Day 3: Milpe & the old Nono-Mindo road. After another early start, we headed down to Milpe for the morning. We started the morning birding the patchy woodland and open areas along the road, and later walked the forest trails at Milpe Bird Sanctuary. This area is in the higher foothills at around 1200 m (3900 ft.) and supports a mix of birds from both higher and lower elevations, as well as quite a few specialties of its own. Ochre-breasted Tanagers were singing all over the place just after dawn. Our best birding came in mixed-species flocks, with Red-faced Spinetail, three species of Foliage-gleaners, Olive-striped Flycatcher, Red-headed Barbet, Pale-vented Thrush, Black-and-white Becard, Russet Antshrike, Tricolored Brush-Finch, Squirrel Cuckoo, Chocó Warbler, and Smoky-brown Woodpecker just a few of the many sightings. Tanagers were plentiful and  a few of the day's highlights were Yellow-collared Chlorophonia and Glistening-green Tanager, both Chocó endemics. The reserve, operated by Mindo Cloudforest Foundation, also supports a lek of Club-winged Manakins, and we had a nice study of the males doing their fantastic “wing-lift” display. Ornate Flycatchers were rather common on the trails, and an Esmeraldas Antbird, skulking near the ground, was a very rewarding sighting. We also spent a bit of time watching the reserve hummer feeders, which attracted Green-crowned Woodnymphs, White-whiskered Hermits, Green Thorntails, and Green-crowned Brilliants.

By late morning we departed Milpe and headed for the old Nono-Mindo road. Our plan was to spend the afternoon birding our way back to Tandayapa via the backroads. The birding was good all afternoon (Are you sensing a pattern here? These guys have incredible bird karma!) and we stopped several times to sift through mixed flocks. Barred Becard, Toucan Barbet, Capped Conebill, Flame-faced Tanager, and Blue-winged Mountain-Tanager were in one flock; Streaked Tuftedcheek, Sepia-brown Wren, and White-tailed Tyrannulet were in the next. A beautiful pair of Grass-green Tanagers feasting on fruit allowed us a close approach. Plate-billed Mountain-Toucan (the cover bird on the field guide) and Plate-billed Mountain-Toucan  -  Michael WoodruffCrimson-rumped Toucanet were seen well. A Spillman’s Tapaculo, singing from the roadside vegetation allowed itself to be seen briefly, as did a Rufous-crowned Tody-Flycatcher hiding in a stand of bamboo. A Sickle-winged Guan that flew across the road stayed put just long enough to a get a look at it through the scope, and finally toward the end of the afternoon, a small group of Plain-tailed Wrens put in an appearance.

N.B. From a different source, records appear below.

lemma diag_fun_vimage: "diag_fun -` {u} = node_encode ` node_preds (node_decode u)"
proof (rule set_eqI)
  fix x
  have "x \<in> diag_fun -` {u} \<longleftrightarrow> node_next (node_decode x) = node_decode u"
    unfolding diag_fun_def by (metis node_decode_encode node_encode_decode vimage_singleton_eq)
  also have "\<dots> \<longleftrightarrow> node_decode x \<in> node_preds (node_decode u)" by (rule node_next_eq_iff)
  also have "\<dots> \<longleftrightarrow> x \<in> node_encode ` node_preds (node_decode u)"
    by (metis node_decode_encode node_encode_decode image_iff)
  finally show "x \<in> diag_fun -` {u} \<longleftrightarrow> x \<in> node_encode ` node_preds (node_decode u)" .
qed

lemma card_diag_fun_vimage: "card (diag_fun -` {u}) = node_branching (node_decode u)"
proof -
  have "inj_on node_encode (node_preds (node_decode u))" by (auto intro: inj_onI)
  then show ?thesis by (simp add: diag_fun_vimage card_image card_node_preds)
qed

definition "NODE_TAG = PFST (Proj 0)"
definition "NODE_BODY = PSND (Proj 0)"
definition "NODE_E = PFST NODE_BODY"
definition "NODE_REST = PSND NODE_BODY"

lemmas node_field_defs = NODE_TAG_def NODE_BODY_def NODE_E_def NODE_REST_def

definition "r_diag_fun =
  IF (EQ NODE_TAG (NUM 0)) (PAIR (NUM 0) (PAIR NODE_E (SUC NODE_REST)))
  (IF (EQ NODE_TAG (NUM 1))
     (IF (EQ NODE_REST (NUM 0)) (PAIR (NUM 0) (PAIR NODE_E (NUM 0)))
        (PAIR (NUM 1) (PAIR NODE_E (SUB NODE_REST (NUM 1)))))
  (IF (EQ NODE_TAG (NUM 2))
     (IF (EQ NODE_REST (NUM 0)) (PAIR (NUM 0) (PAIR NODE_E (NUM 0)))
        (PAIR (NUM 2) (PAIR NODE_E (SUB NODE_REST (NUM 1)))))
  (IF (EQ NODE_TAG (NUM 3))
     (IF (EQ (PSND NODE_REST) (NUM 0))
        (IF (Comp r_cert [NODE_E, PFST NODE_REST]) (PAIR (NUM 2) (PAIR NODE_E (PFST NODE_REST))) (Proj 0))
        (PAIR (NUM 3) (PAIR NODE_E (PAIR (PFST NODE_REST) (SUB (PSND NODE_REST) (NUM 1))))))
  (Proj 0))))"

lemma r_diag_fun_node_encode: "prim_val r_diag_fun [node_encode v] = node_encode (node_next v)"
  by (cases v) (auto simp: r_diag_fun_def node_field_defs r_cert)

lemma r_diag_fun: "prim_val r_diag_fun [u] = diag_fun u"
  using r_diag_fun_node_encode[of "node_decode u"] by (simp add: diag_fun_def)

lemma prim_code_r_diag_fun: "prim_code r_diag_fun (Suc 0)"
  using prim_code_r_cert by (simp add: r_diag_fun_def node_field_defs)

definition "r_node_branching =
  IF (EQ NODE_TAG (NUM 0)) (IF (EQ NODE_REST (NUM 0)) (NUM 2) (NUM 1))
  (IF (EQ NODE_TAG (NUM 2)) (IF (Comp r_cert [NODE_E, NODE_REST]) (NUM 2) (NUM 1))
  (IF (EQ NODE_TAG (NUM 3))
     (IF (AND (EQ (PSND NODE_REST) (NUM 0)) (NSG (Comp r_cert [NODE_E, PFST NODE_REST]))) (NUM 2) (NUM 1))
  (NUM 1)))"

lemma r_node_branching_encode: "prim_val r_node_branching [node_encode v] = node_branching v"
  by (cases v) (auto simp: r_node_branching_def node_field_defs r_cert node_branching_def)

lemma r_node_branching: "prim_val r_node_branching [u] = branching diag_fun u"
  using r_node_branching_encode[of "node_decode u"] by (simp add: branching_def card_diag_fun_vimage)

lemma prim_code_r_node_branching: "prim_code r_node_branching (Suc 0)"
  using prim_code_r_cert by (simp add: r_node_branching_def node_field_defs)

lemma computable_diag_fun: "computable1 diag_fun"
  using computable1_prim_code prim_code_r_diag_fun r_diag_fun by simp

lemma computable_branching_diag_fun: "computable1 (branching diag_fun)"
  using computable1_prim_code prim_code_r_node_branching r_node_branching by simp

lemma is_21_structure_diag_fun: "is_21_structure diag_fun"
  unfolding is_21_structure_def card_diag_fun_vimage by (auto simp: node_branching_def split: node.split)

lemma funpow_chain_iff:
  assumes ch: "\<And>u n. f u = g n \<longleftrightarrow> u = g (Suc n)"
  shows "(f ^^ m) u = g n \<longleftrightarrow> u = g (n + m)"
proof (induction m arbitrary: u n)
  case 0 then show ?case by simp
next
  case (Suc m)
  have "(f ^^ Suc m) u = (f ^^ m) (f u)" by (simp only: funpow_Suc_right o_apply)
  then show ?case using Suc ch by simp
qed

lemma tree_verts_chain:
  assumes ch: "\<And>u n. f u = g n \<longleftrightarrow> u = g (Suc n)"
  shows "tree_verts f (g 0) = range g"
  unfolding tree_verts_def using funpow_chain_iff[where f=f and g=g, OF ch] by auto

lemma tree_edges_iff:
  "(a, b) \<in> tree_edges f x \<longleftrightarrow> a \<in> tree_verts f x \<and> f a \<in> tree_verts f x \<and> b = f a"
  by (auto simp: tree_edges_def)

lemma chain_tree_edges_iff:
  assumes ch: "\<And>u n. f u = g n \<longleftrightarrow> u = g (Suc n)" and i: "inj g"
  shows "(g i, g j) \<in> tree_edges f (g 0) \<longleftrightarrow> i = Suc j"
proof -
  have a: "f (g i) = g j \<longleftrightarrow> i = Suc j" using ch[of "g i" j] i by (auto dest: injD)
  show ?thesis unfolding tree_edges_iff tree_verts_chain[where f=f and g=g, OF ch] using a by auto
qed

lemma tree_iso_chains:
  assumes ch1: "\<And>u n. f u = g1 n \<longleftrightarrow> u = g1 (Suc n)"
    and ch2: "\<And>u n. f u = g2 n \<longleftrightarrow> u = g2 (Suc n)"
    and i1: "inj g1" and i2: "inj g2"
  shows "tree_iso f (g1 0) (g2 0)"
proof -
  define h where "h = g2 \<circ> inv g1"
  have hg: "h (g1 i) = g2 i" for i by (simp add: h_def i1)
  have bij: "bij_betw h (range g1) (range g2)"
  proof (rule bij_betw_imageI)
    show "inj_on h (range g1)"
    proof (rule inj_onI)
      fix a b assume ab: "a \<in> range g1" "b \<in> range g1" "h a = h b"
      then obtain i j where "a = g1 i" "b = g1 j" by auto
      then show "a = b" using hg ab(3) i2 by (simp add: inj_eq)
    qed
    show "h ` range g1 = range g2" by (auto simp: hg image_iff)
  qed
  have e1: "(g1 i, g1 j) \<in> tree_edges f (g1 0) \<longleftrightarrow> i = Suc j" for i j
    by (rule chain_tree_edges_iff[where f=f and g=g1, OF ch1 i1])
  have e2: "(g2 i, g2 j) \<in> tree_edges f (g2 0) \<longleftrightarrow> i = Suc j" for i j
    by (rule chain_tree_edges_iff[where f=f and g=g2, OF ch2 i2])
  show ?thesis unfolding tree_iso_def tree_verts_chain[where f=f and g=g1, OF ch1] tree_verts_chain[where f=f and g=g2, OF ch2]
    by (intro exI[of _ h] conjI bij) (auto simp: hg e1 e2)
qed

lemma tree_iso_sym: "tree_iso f x y \<Longrightarrow> tree_iso f y x"
proof -
  assume "tree_iso f x y"
  then obtain h where bij: "bij_betw h (tree_verts f x) (tree_verts f y)"
    and edges: "\<forall>a\<in>tree_verts f x. \<forall>b\<in>tree_verts f x. (a, b) \<in> tree_edges f x \<longleftrightarrow> (h a, h b) \<in> tree_edges f y"
    unfolding tree_iso_def by blast
  define h' where "h' = inv_into (tree_verts f x) h"
  have bij': "bij_betw h' (tree_verts f y) (tree_verts f x)"
    unfolding h'_def by (rule bij_betw_inv_into[OF bij])
  have "(a, b) \<in> tree_edges f y \<longleftrightarrow> (h' a, h' b) \<in> tree_edges f x"
    if "a \<in> tree_verts f y" "b \<in> tree_verts f y" for a b
  proof -
    have "h (h' a) = a" "h (h' b) = b"
      using bij that unfolding h'_def by (meson bij_betw_inv_into_right)+
    moreover have "h' a \<in> tree_verts f x" "h' b \<in> tree_verts f x"
      using bij' that by (auto dest: bij_betw_apply)
    ultimately show ?thesis using edges by metis
  qed
  then show ?thesis unfolding tree_iso_def using bij' by blast
qed

text \<open>A chain has no vertex with two pre-images, and tree isomorphisms preserve pre-images.\<close>

lemma not_tree_iso_branching_chain:
  assumes ch: "\<And>u n. f u = g n \<longleftrightarrow> u = g (Suc n)"
    and p: "p1 \<noteq> p2" "f p1 = v" "f p2 = v" "p1 \<in> tree_verts f x" "p2 \<in> tree_verts f x" "v \<in> tree_verts f x"
  shows "\<not> tree_iso f x (g 0)"
proof
  assume "tree_iso f x (g 0)"
  then obtain h where bij: "bij_betw h (tree_verts f x) (tree_verts f (g 0))"
    and edges: "\<forall>a\<in>tree_verts f x. \<forall>b\<in>tree_verts f x. (a, b) \<in> tree_edges f x \<longleftrightarrow> (h a, h b) \<in> tree_edges f (g 0)"
    unfolding tree_iso_def by blast
  obtain m where m: "h v = g m"
    using bij p(6) tree_verts_chain[where f=f and g=g, OF ch] by (auto dest: bij_betw_apply)
  have "h p = g (Suc m)" if "p \<in> tree_verts f x" "f p = v" for p
  proof -
    have "(h p, h v) \<in> tree_edges f (g 0)"
      using edges that p(6) by (auto simp: tree_edges_iff)
    then have "f (h p) = g m" using m by (simp add: tree_edges_iff)
    then show ?thesis using ch by blast
  qed
  then have "h p1 = h p2" using p by simp
  moreover have "inj_on h (tree_verts f x)" using bij by (simp add: bij_betw_def)
  ultimately show False using p by (metis inj_onD)
qed

section \<open>The branch isomorphism function encodes self-acceptance\<close>

declare node_encode.simps[simp del]

lemma diag_fun_eq_node_encode:
  "diag_fun u = node_encode v \<longleftrightarrow> node_decode u \<in> node_preds v"
  unfolding diag_fun_def by (simp add: node_next_eq_iff)

lemma eq_node_encode_iff: "u = node_encode w \<longleftrightarrow> node_decode u = w"
  by (metis node_decode_encode node_encode_decode)

lemma diag_fun_Left_chain:
  "diag_fun u = node_encode (Left e n) \<longleftrightarrow> u = node_encode (Left e (Suc n))"
  by (subst diag_fun_eq_node_encode) (simp add: node_preds_def eq_node_encode_iff)

lemma diag_fun_Right_chain:
  "\<not> cert e n \<Longrightarrow> diag_fun u = node_encode (Right e n) \<longleftrightarrow> u = node_encode (Right e (Suc n))"
  by (subst diag_fun_eq_node_encode) (simp add: node_preds_def eq_node_encode_iff)

lemma diag_fun_eq_root:
  "diag_fun u = root e \<longleftrightarrow> u = node_encode (Left e 0) \<or> u = node_encode (Right e 0)"
  by (subst diag_fun_eq_node_encode) (auto simp: node_preds_def eq_node_encode_iff)

lemma diag_fun_Right_Suc: "diag_fun (node_encode (Right e (Suc m))) = node_encode (Right e m)"
  by (simp add: diag_fun_eq_node_encode node_preds_def)

lemma diag_fun_pow_Right: "(diag_fun ^^ k) (node_encode (Right e (n + k))) = node_encode (Right e n)"
proof (induction k)
  case 0 then show ?case by simp
next
  case (Suc k)
  have "(diag_fun ^^ Suc k) (node_encode (Right e (n + Suc k))) = (diag_fun ^^ k) (diag_fun (node_encode (Right e (Suc (n + k)))))"
    by (simp only: funpow_Suc_right o_apply add_Suc_right)
  then show ?case using Suc by (simp add: diag_fun_Right_Suc)
qed

lemma inj_Left: "inj (\<lambda>n. node_encode (Left e n))" by (rule injI) simp

lemma inj_Right: "inj (\<lambda>n. node_encode (Right e n))" by (rule injI) simp

lemma root_in_Lambda: "root e \<in> Lambda diag_fun"
  unfolding Lambda_def branching_def card_diag_fun_vimage by (simp add: node_branching_def)

lemma tree_iso_branches_no_cert:
  assumes "\<not> (\<exists>n. cert e n)"
  shows "tree_iso diag_fun (node_encode (Left e 0)) (node_encode (Right e 0))"
proof -
  have "tree_iso diag_fun ((\<lambda>n. node_encode (Left e n)) 0) ((\<lambda>n. node_encode (Right e n)) 0)"
    by (rule tree_iso_chains[OF diag_fun_Left_chain _ inj_Left inj_Right]) (use assms diag_fun_Right_chain in blast)
  then show ?thesis by simp
qed

lemma not_tree_iso_branches_cert:
  assumes "cert e n"
  shows "\<not> tree_iso diag_fun (node_encode (Right e 0)) (node_encode (Left e 0))"
proof -
  let ?b0 = "node_encode (Right e 0)"
  let ?v = "node_encode (Right e n)"
  let ?p1 = "node_encode (Right e (Suc n))"
  let ?p2 = "node_encode (Spur e n 0)"
  have spur: "diag_fun ?p2 = ?v" using assms by (simp add: diag_fun_eq_node_encode node_preds_def)
  have "(diag_fun ^^ n) ?v = ?b0" using diag_fun_pow_Right[of n e 0] by simp
  then have "(diag_fun ^^ Suc n) ?p1 = ?b0" "(diag_fun ^^ Suc n) ?p2 = ?b0"
    using spur diag_fun_Right_Suc[of e n] by (simp_all only: funpow_Suc_right o_apply)
  then have "?p1 \<in> tree_verts diag_fun ?b0" "?p2 \<in> tree_verts diag_fun ?b0" "?v \<in> tree_verts diag_fun ?b0"
    unfolding tree_verts_def using \<open>(diag_fun ^^ n) ?v = ?b0\<close> by blast+
  then show ?thesis
    using not_tree_iso_branching_chain[where g="\<lambda>n. node_encode (Left e n)", OF diag_fun_Left_chain, of ?p1 ?p2 ?v]
      spur by (simp add: diag_fun_Right_Suc)
qed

Day 4: Tandayapa. Roger and Michael had saved their last day to bird around the lodge trails on their own, and I asked Michael to tell me how it went. From his account, it sounds like they did quite well. They started the morning in the hide at dawn, with Immaculate Antbirds showing really well. On the trails they had some common stuff like Beryl-spangled, Black-capped, and Metallic-green Tanagers, Flavescent Flycatcher, and Dusky-capped Flycatcher. They also picked up some rarities like Tawny-throated Leaftosser and White-rumped Hawk. Near the car park they found a flock of White-winged, Chestnut-capped, and Tricolored Brush-Finches, and they saw Streak-capped Treehunter going into a nest burrow. Of course they spent a lot of time watching the approximately 15 species of hummingbirds at the feeders too… Who could resist that?